Politics being one of the topics I have put a strict ‘self-regulation’ as a topic not to be discussed in this blog, I would rather leave it at that point and quickly jump into the topic which I’m about to write on my blog this evening.

The broken windows theory can be a good example why some Facebook pages (Youtube channels, blogs even) becomes favorite hunting grounds for trolls. A Facebook page which isn’t attended by its admins well enough can easily be a target of a competitor’s troll.

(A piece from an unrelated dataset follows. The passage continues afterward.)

(* Consider the semi-discrete DG scheme described in the context, with zero-flux boundary conditions, and let $(u_h(t),q_h(t))\in V_h\times V_h$ be a (differentiable in $t$) solution on some time interval with $f(u_h)\ge 0$ on $\Omega$. Define the semi-discrete entropy $$E(t)=\sum_{j=1}^N\int_{I_j}\big(\Phi(x)u_h(x,t)+H(u_h(x,t))\big)\,dx .$$ If the flux parameters satisfy $\beta_0>\Gamma(\beta_1)$, where $$\Gamma(\beta_1):=\max_{1\le j\le N-1}\frac{\{f(u_h)\}\left(\{\partial_x q_h\}+\frac{\beta_1}{2}h[\partial_x^2 q_h]\right)^2\Big|_{x_{j+1/2}}}{\frac{1}{2h}\left(\int_{I_j}+\int_{I_{j+1}}\right)f(u_h)|\partial_x q_h|^2\,dx}$$ (with $h$ the interface mesh size at $x_{j+1/2}$ and all denominators assumed positive), then $$\frac{d}{dt}E(t)\le -\gamma\,\|q_h\|_E^2,\qquad \gamma=1-\sqrt{\Gamma(\beta_1)/\beta_0}\in(0,1).$$
   Context: Let $\Omega=[a,b]$ with mesh $a=x_{1/2}<x_{3/2}<\dots<x_{N+1/2}=b$, cells $I_j=(x_{j-1/2},x_{j+1/2})$, $\Delta x_j=x_{j+1/2}-x_{j-1/2}$; at the interface $x_{j+1/2}$ the mesh size is $h=(\Delta x_j+\Delta x_{j+1})/2$ (on a uniform mesh $h=\Delta x$). For $k\ge 1$, $V_h=\{v\in L^2(\Omega): v|_{I_j}\in P^k(I_j),\ j=1,\dots,N\}$, $P^k$ being polynomials of degree at most $k$. At an interior interface, $v^\pm$ denote right/left limits, $[v]=v^+-v^-$, $\{v\}=(v^++v^-)/2$. Given functions $\Phi:\Omega\to\mathbb R$, $H:(0,\infty)\to\mathbb R$ ($C^1$) and $f\ge 0$, the semi-discrete DG scheme (for $\partial_t u=\partial_x(f(u)\partial_x q)$, $q=\Phi+H'(u)$) with zero-flux boundary conditions is: find $u_h(t),q_h(t)\in V_h$ such that for all $v,r\in V_h$, $$\int_\Omega \partial_t u_h\, v\,dx=-\sum_{j=1}^N\int_{I_j} f(u_h)\partial_x q_h\,\partial_x v\,dx-\sum_{j=1}^{N-1}\{f(u_h)\}\Big(\widehat{\partial_x q_h}\,[v]+\{\partial_x v\}[q_h]\Big)\Big|_{x_{j+1/2}},$$ $$\int_\Omega q_h r\,dx=\int_\Omega(\Phi(x)+H'(u_h))\,r\,dx,$$ with numerical flux at $x_{j+1/2}$: $\widehat{\partial_x q_h}=\beta_0\frac{[q_h]}{h}+\{\partial_x q_h\}+\beta_1 h[\partial_x^2 q_h]$, where $\beta_0,\beta_1$ are real parameters. The energy norm is $$\|q_h\|_E^2=\sum_{j=1}^N\int_{I_j}f(u_h)|\partial_x q_h|^2dx+\sum_{j=1}^{N-1}\{f(u_h)\}\frac{\beta_0}{h}[q_h]^2\Big|_{x_{j+1/2}}.$$ *)

theory Defs
  imports "HOL-Analysis.Analysis" "HOL-Computational_Algebra.Polynomial"
begin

To explain this let me go back to the example of newly refurbished streets and sidewalks of Colombo city. Imagine if the authorities suddenly stop paying attention to the maintenance of the newly refurbished Colombo streets and sidewalks. They’ve invested millions, and imagine they forget about it the next day. One odd person might spit a bit of beetle chew on the sidewalk, and one more odd character might try to remove a brick off the sidewalk. Let’s not forget an incident of someone urinating on the sidewalk in a very extremely urgent situation where he couldn’t find a public toilet. Once these types of things occur for few times, gradually it will become a norm. Then more and more people will start following that norm, making the streets around Colombo looking ugly and filthy again.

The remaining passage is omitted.